Борис Акунин - Весь мир театр
Она позволила себе единственную поблажку: немного помечтала, как бы всё у них могло получиться, если б не ее злая карма (это каркающее японское слово она почерпнула из пьесы). Ах, что за парой бы они были! Знаменитая актриса и немолодой, но красивый и безумно талантливый драматург. Как Ольга Книппер и Чехов, только не расставались бы, а жили вместе счастливо и долго – до старости. Про старость Элиза мечтать не стала, ну её.
Вот еще одна причина, по которой нельзя рисковать жизнью Эраста: ответственность перед литературой и театром. Человек, который никогда не брался за перо и вдруг сразу создал шедевр, да-да, шедевр, может стать новым Шекспиром! Пускай Мефистов, кривя рот, шепчет, что пьеска удобна для штерновской теории, а более в ней ничего интересного нет. Он просто бесится, что роль купца, которая ему досталась, самая невыигрышная. Пьеса, продиктованная любовью, не может не быть великой! А для женщины нет высшего оммажа, нет более лестного комплимента, чем стать музой-вдохновительницей. Кто бы помнил какую-то там Лауру, девчонку Беатриче или легкомысленную Анну Керн, если б не посвященные им великие произведения? Благодаря Элизе Луантэн в драматургии воссияет новое имя. Так можно ли допустить, чтоб из-за нее же оно погасло?
И она взяла себя в руки, посадила бедное сердце на цепь. На следующий день, когда Фандорин кинулся к ней, чтобы выяснить, в чем дело, Элиза была с ним сдержанна, даже холодна. Сделала вид, будто не понимает, отчего он обратился к ней на «ты». Дала понять, что случившееся вчера вычеркнуто. Этого попросту не было – и всё тут.
Достаточно было продержаться первые две минуты. Элиза знала: как человек гордый, он не станет выяснять отношений, тем более ее преследовать. Так и вышло. На третьей минуте Фандорин мертвенно побледнел, опустил глаза и закусил губу, борясь с собой. Когда же вновь поднял глаза, они смотрели уже совершенно иначе – будто кто-то наглухо задвинул шторы.
Сказал:
– Что ж, прощайте. Больше не обеспокою. – И ушел.

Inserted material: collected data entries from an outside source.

(* In the deterministic crowd-learning system with reward rate $\beta>0$, under selfish user behavior and for any initial condition, the average maximum age satisfies $$\overline{\Delta}_{\max}^{(\beta)}\triangleq\limsup_{T\to\infty}\frac1T\sum_{t=0}^{T-1}\mathbb{E}\Big[\max_n\Delta_n[t]\Big]\le N-1+\frac{p_{\max}}{\beta}.$$
   Context: Deterministic crowd-learning model. There are $N\ge 2$ points of interest (PoIs) and time is slotted, $t=0,1,2,\dots$. Each PoI $n$ has a price $p_n[t]\in[p_{\min},p_{\max}]$ with $0<p_{\min}\le p_{\max}$; the price sequence may be arbitrary. The service provider keeps a recorded price $r_n[t]$ for each PoI, with $r_n[0]\in[p_{\min},p_{\max}]$. Each PoI also has an age $\Delta_n[t]$, with finite initial values. In every slot exactly one user arrives and selects one PoI; we write $S_n[t]=1$ if PoI $n$ is selected and $S_n[t]=0$ otherwise. The selected PoI's record is refreshed: $r_n[t+1]=p_n[t]$ if $S_n[t]=1$, and $r_n[t+1]=r_n[t]$ otherwise. Ages evolve as $$\Delta_n[t+1]=(\Delta_n[t]+1)(1-S_n[t]).$$ Selfish behavior with reward rate $\beta>0$: the user in slot $t$ selects $n^*[t]\in\arg\max_n(\beta\Delta_n[t]-r_n[t])$, with ties broken arbitrarily. *)

theory Defs
  imports Complex_Main "HOL-Library.Extended_Real" "HOL-Library.Liminf_Limsup"
begin

definition Ssel :: "(nat \<Rightarrow> nat) \<Rightarrow> nat \<Rightarrow> nat \<Rightarrow> nat" where
  "Ssel sel t n = (if sel t = n then 1 else 0)"

end

theory Submission
  imports Defs
begin

text \<open>Suppose PoI \<open>m\<close> is not refreshed during \<open>N\<close> consecutive slots. By pigeonhole some other
  PoI \<open>k\<close> is chosen twice in that window, at \<open>s\<^sub>1 < s\<^sub>2\<close>. At \<open>s\<^sub>2\<close> the age of \<open>k\<close> is
  below \<open>s\<^sub>2 - s\<^sub>1\<close>, whereas \<open>m\<close> has aged by \<open>s\<^sub>2 - s\<^sub>1\<close> since \<open>s\<^sub>1\<close>; since the user preferred \<open>k\<close>,
  and recorded prices differ by at most \<open>p\<^sub>m\<^sub>a\<^sub>x - p\<^sub>m\<^sub>i\<^sub>n\<close>, the age of \<open>m\<close> at \<open>s\<^sub>1\<close> is at most
  \<open>(p\<^sub>m\<^sub>a\<^sub>x - p\<^sub>m\<^sub>i\<^sub>n)/\<beta> - 1\<close>. Adding the at most \<open>N\<close> further slots gives
  \<open>\<Delta>\<^sub>m[t] \<le> N - 1 + (p\<^sub>m\<^sub>a\<^sub>x - p\<^sub>m\<^sub>i\<^sub>n)/\<beta>\<close> for all \<open>t \<ge> N\<close>, and the time average of a sequence
  that is eventually bounded by \<open>B\<close> has limsup at most \<open>B\<close>.\<close>

lemma limsup_average_le:
  fixes f :: "nat \<Rightarrow> real"
  assumes bounded: "\<And>t. t0 \<le> t \<Longrightarrow> f t \<le> B"
  shows "limsup (\<lambda>T. ereal (1 / real T * (\<Sum>t<T. f t))) \<le> ereal B"
proof -
  define C where "C = (\<Sum>t<t0. f t) - real t0 * B"
  have partial_sum_le: "(\<Sum>t<T. f t) \<le> C + real T * B" if "t0 \<le> T" for T
  proof -
    have "(\<Sum>t<T. f t) = (\<Sum>t<t0. f t) + (\<Sum>t\<in>{t0..<T}. f t)"
      using that by (metis atLeast0LessThan sum.atLeastLessThan_concat zero_le)
    also have "\<dots> \<le> (\<Sum>t<t0. f t) + (\<Sum>t\<in>{t0..<T}. B)"
      using bounded by (intro add_left_mono sum_mono) auto
    finally show ?thesis
      using that by (simp add: C_def of_nat_diff algebra_simps)
  qed
  have "\<forall>\<^sub>F T in sequentially. ereal (1 / real T * (\<Sum>t<T. f t)) \<le> ereal (C / real T + B)"
  proof (rule eventually_sequentiallyI[of "Suc t0"])
    fix T assume T: "Suc t0 \<le> T"
    then have "1 / real T * (\<Sum>t<T. f t) \<le> 1 / real T * (C + real T * B)"
      using partial_sum_le by (intro mult_left_mono) auto
    also have "\<dots> = C / real T + B"
      using T by (simp add: field_simps)
    finally show "ereal (1 / real T * (\<Sum>t<T. f t)) \<le> ereal (C / real T + B)"
      by simp
  qed
  then have "limsup (\<lambda>T. ereal (1 / real T * (\<Sum>t<T. f t)))
      \<le> limsup (\<lambda>T. ereal (C / real T + B))"
    by (rule Limsup_mono)
  also have "\<dots> = ereal B"
  proof (rule lim_imp_Limsup)
    have "(\<lambda>T. C / real T + B) \<longlonglongrightarrow> 0 + B"
      by (intro tendsto_add tendsto_divide_0[OF tendsto_const] tendsto_const
          filterlim_at_top_imp_at_infinity filterlim_real_sequentially)
    then show "(\<lambda>T. ereal (C / real T + B)) \<longlonglongrightarrow> ereal B"
      by (simp add: tendsto_ereal)
  qed simp
  finally show ?thesis .
qed

lemma bounded_records:
  fixes r p :: "nat \<Rightarrow> real"
  assumes "lo \<le> r 0" "r 0 \<le> hi"
    and "\<And>t. lo \<le> p t \<and> p t \<le> hi"
    and "\<And>t. r (Suc t) = (if refresh t then p t else r t)"
  shows "lo \<le> r t \<and> r t \<le> hi"
  using assms by (induction t) auto

locale crowd_ages =
  fixes N :: nat and sel :: "nat \<Rightarrow> nat" and \<Delta> :: "nat \<Rightarrow> nat \<Rightarrow> nat"
  assumes sel_range: "sel t < N"
    and age_Suc: "n < N \<Longrightarrow> \<Delta> (Suc t) n = (if sel t = n then 0 else Suc (\<Delta> t n))"
begin

lemma age_add_unselected:
  assumes "m < N" "\<And>i. i < j \<Longrightarrow> sel (s + i) \<noteq> m"
  shows "\<Delta> (s + j) m = \<Delta> s m + j"
  using assms(2) by (induction j) (auto simp: age_Suc[OF assms(1)])

lemma age_less_since_selection:
  assumes "n < N" "sel s = n" "s < t"
  shows "\<Delta> t n < t - s"
proof -
  have "Suc s \<le> t" using \<open>s < t\<close> by simp
  then show ?thesis
  proof (induction t rule: dec_induct)
    case base
    show ?case using age_Suc[OF \<open>n < N\<close>, of s] \<open>sel s = n\<close> by simp
  next
    case (step t)
    then show ?case using age_Suc[OF \<open>n < N\<close>, of t] by auto
  qed
qed

lemma repeated_selection_in_window:
  assumes "m < N" "N \<le> t" "\<And>s. s \<in> {t - N..<t} \<Longrightarrow> sel s \<noteq> m"
  obtains a b where "t - N \<le> a" "a < b" "b < t" "sel a = sel b"
proof -
  have "sel ` {t - N..<t} \<subseteq> {..<N} - {m}"
    using assms(3) sel_range by blast
  then have "card (sel ` {t - N..<t}) \<le> N - 1"
    using \<open>m < N\<close> by (metis card_Diff_singleton card_lessThan card_mono finite_Diff
        finite_lessThan lessThan_iff)
  then have "\<not> inj_on sel {t - N..<t}"
    using \<open>m < N\<close> \<open>N \<le> t\<close> by (intro pigeonhole) simp
  then obtain a b where "a \<in> {t - N..<t}" "b \<in> {t - N..<t}" "a \<noteq> b" "sel a = sel b"
    unfolding inj_on_def by blast
  then show thesis
    using that by (metis atLeastLessThan_iff linorder_neqE_nat)
qed

end

locale selfish_crowd = crowd_ages +
  fixes \<beta> lo hi :: real and r :: "nat \<Rightarrow> nat \<Rightarrow> real"
  assumes beta_pos: "0 < \<beta>"
    and record_bounds: "n < N \<Longrightarrow> lo \<le> r t n \<and> r t n \<le> hi"
    and selfish: "n < N \<Longrightarrow> \<beta> * real (\<Delta> t n) - r t n \<le> \<beta> * real (\<Delta> t (sel t)) - r t (sel t)"
begin

text \<open>The user at \<open>s\<^sub>2\<close> preferred the PoI chosen at \<open>s\<^sub>1\<close> to \<open>m\<close>, although \<open>m\<close> is older than it by
  more than \<open>\<Delta>\<^sub>m[s\<^sub>1]\<close>; only the price difference can pay for that gap.\<close>

lemma age_before_repeated_selection:
  assumes "m < N" "s1 < s2" "sel s1 = sel s2" "\<And>s. s \<in> {s1..<s2} \<Longrightarrow> sel s \<noteq> m"
  shows "\<beta> * real (\<Delta> s1 m) \<le> hi - lo - \<beta>"
proof -
  define k where "k = sel s1"
  have "k < N" by (simp add: k_def sel_range)
  have "\<Delta> (s1 + (s2 - s1)) m = \<Delta> s1 m + (s2 - s1)"
    using assms by (intro age_add_unselected) auto
  then have age_m: "real (\<Delta> s2 m) = real (\<Delta> s1 m) + real (s2 - s1)"
    using \<open>s1 < s2\<close> by simp
  have "real (\<Delta> s2 k) \<le> real (s2 - s1) - 1"
    using age_less_since_selection[OF \<open>k < N\<close> k_def[symmetric] \<open>s1 < s2\<close>] by linarith
  then have age_k: "\<beta> * real (\<Delta> s2 k) \<le> \<beta> * (real (s2 - s1) - 1)"
    using beta_pos by simp
  have "\<beta> * real (\<Delta> s2 m) - r s2 m \<le> \<beta> * real (\<Delta> s2 k) - r s2 k"
    using selfish[OF \<open>m < N\<close>, of s2] \<open>sel s1 = sel s2\<close> by (simp add: k_def)
  then show ?thesis
    using age_m age_k record_bounds[OF \<open>m < N\<close>, of s2] record_bounds[OF \<open>k < N\<close>, of s2]
    by (simp add: algebra_simps)
qed

lemma age_bound:
  assumes "m < N" "N \<le> t"
  shows "real (\<Delta> t m) \<le> real N - 1 + (hi - lo) / \<beta>"
proof (cases "\<Delta> t m < N")
  case True
  have "lo \<le> hi" using record_bounds[OF \<open>m < N\<close>] by (meson order.trans)
  then have "0 \<le> (hi - lo) / \<beta>" using beta_pos by simp
  moreover have "real (\<Delta> t m) + 1 \<le> real N"
    using True by (metis Suc_leI of_nat_Suc of_nat_le_iff add.commute)
  ultimately show ?thesis by linarith
next
  case False
  have unselected: "sel s \<noteq> m" if "s \<in> {t - N..<t}" for s
    using that False age_less_since_selection[OF \<open>m < N\<close>, of s t] by auto
  obtain a b where ab: "t - N \<le> a" "a < b" "b < t" "sel a = sel b"
    using repeated_selection_in_window[OF \<open>m < N\<close> \<open>N \<le> t\<close> unselected] .
  have age_a: "\<beta> * real (\<Delta> a m) \<le> hi - lo - \<beta>"
    using ab unselected by (intro age_before_repeated_selection[OF \<open>m < N\<close> \<open>a < b\<close>]) auto
  have "\<Delta> (a + (t - a)) m = \<Delta> a m + (t - a)"
    using ab unselected by (intro age_add_unselected[OF \<open>m < N\<close>]) auto
  then have "real (\<Delta> t m) \<le> real (\<Delta> a m) + real N"
    using ab by simp
  then have "\<beta> * real (\<Delta> t m) \<le> \<beta> * real (\<Delta> a m) + \<beta> * real N"
    using beta_pos by (metis distrib_left less_eq_real_def mult_left_mono)
  with age_a have "\<beta> * real (\<Delta> t m) \<le> \<beta> * (real N - 1) + (hi - lo)"
    by (simp add: algebra_simps)
  then show ?thesis
    using beta_pos by (simp add: field_simps)
qed

end

theorem mainTheorem2:
  fixes N :: nat and pmin pmax \<beta> :: real
    and p :: "nat \<Rightarrow> nat \<Rightarrow> real"   (* p t n = p_n[t] *)
    and r :: "nat \<Rightarrow> nat \<Rightarrow> real"   (* r t n = r_n[t] *)
    and \<Delta> :: "nat \<Rightarrow> nat \<Rightarrow> nat"   (* \<Delta> t n = \<Delta>_n[t] *)
    and sel :: "nat \<Rightarrow> nat"           (* PoI chosen by the user of slot t *)
  assumes N: "N \<ge> 2"
    and pmin: "0 < pmin" and pminmax: "pmin \<le> pmax"
    and beta: "\<beta> > 0"
    and prices: "\<And>t n. n < N \<Longrightarrow> pmin \<le> p t n \<and> p t n \<le> pmax"
    and r0: "\<And>n. n < N \<Longrightarrow> pmin \<le> r 0 n \<and> r 0 n \<le> pmax"
    and sel_range: "\<And>t. sel t < N"
    and selfish: "\<And>t n. n < N \<Longrightarrow>
        \<beta> * real (\<Delta> t n) - r t n \<le> \<beta> * real (\<Delta> t (sel t)) - r t (sel t)"
    and r_step: "\<And>t n. n < N \<Longrightarrow>
        r (Suc t) n = (if Ssel sel t n = 1 then p t n else r t n)"
    and age_step: "\<And>t n. n < N \<Longrightarrow>
        \<Delta> (Suc t) n = (\<Delta> t n + 1) * (1 - Ssel sel t n)"
  shows "limsup (\<lambda>T. ereal ((1 / real T) *
            (\<Sum>t<T. Max ((\<lambda>n. real (\<Delta> t n)) ` {..<N}))))
         \<le> ereal (real N - 1 + pmax / \<beta>)"
proof -
  have records: "pmin \<le> r t n \<and> r t n \<le> pmax" if "n < N" for t n
    using r0[OF that] prices[OF that] r_step[OF that] by (intro bounded_records) auto
  interpret selfish_crowd N sel \<Delta> \<beta> pmin pmax r
    using sel_range age_step beta records selfish by unfold_locales (auto simp: Ssel_def)
  have age_le: "real (\<Delta> t n) \<le> real N - 1 + pmax / \<beta>" if "N \<le> t" "n < N" for t n
  proof -
    have "(pmax - pmin) / \<beta> \<le> pmax / \<beta>"
      using pmin beta by (simp add: divide_right_mono)
    then show ?thesis
      using age_bound[OF \<open>n < N\<close> \<open>N \<le> t\<close>] by linarith
  qed
  have "Max ((\<lambda>n. real (\<Delta> t n)) ` {..<N}) \<le> real N - 1 + pmax / \<beta>" if "N \<le> t" for t
    using N age_le[OF that] by (simp add: Max_le_iff lessThan_empty_iff)
  then show ?thesis
    by (rule limsup_average_le)
qed

end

Как она не разрыдалась – Бог весть. Выручил актерский навык владеть внешним проявлением чувств.
На репетиции после этого он приходить перестал. Собственно, особенной нужды в этом не было. На все вопросы, касающиеся Страны Восходящего Солнца, мог отвечать и японец, который относился к работе с примерной серьезностью: раньше всех приходил, позже всех уходил и оказался на редкость старателен. Ной Ноевич на него не мог нарадоваться.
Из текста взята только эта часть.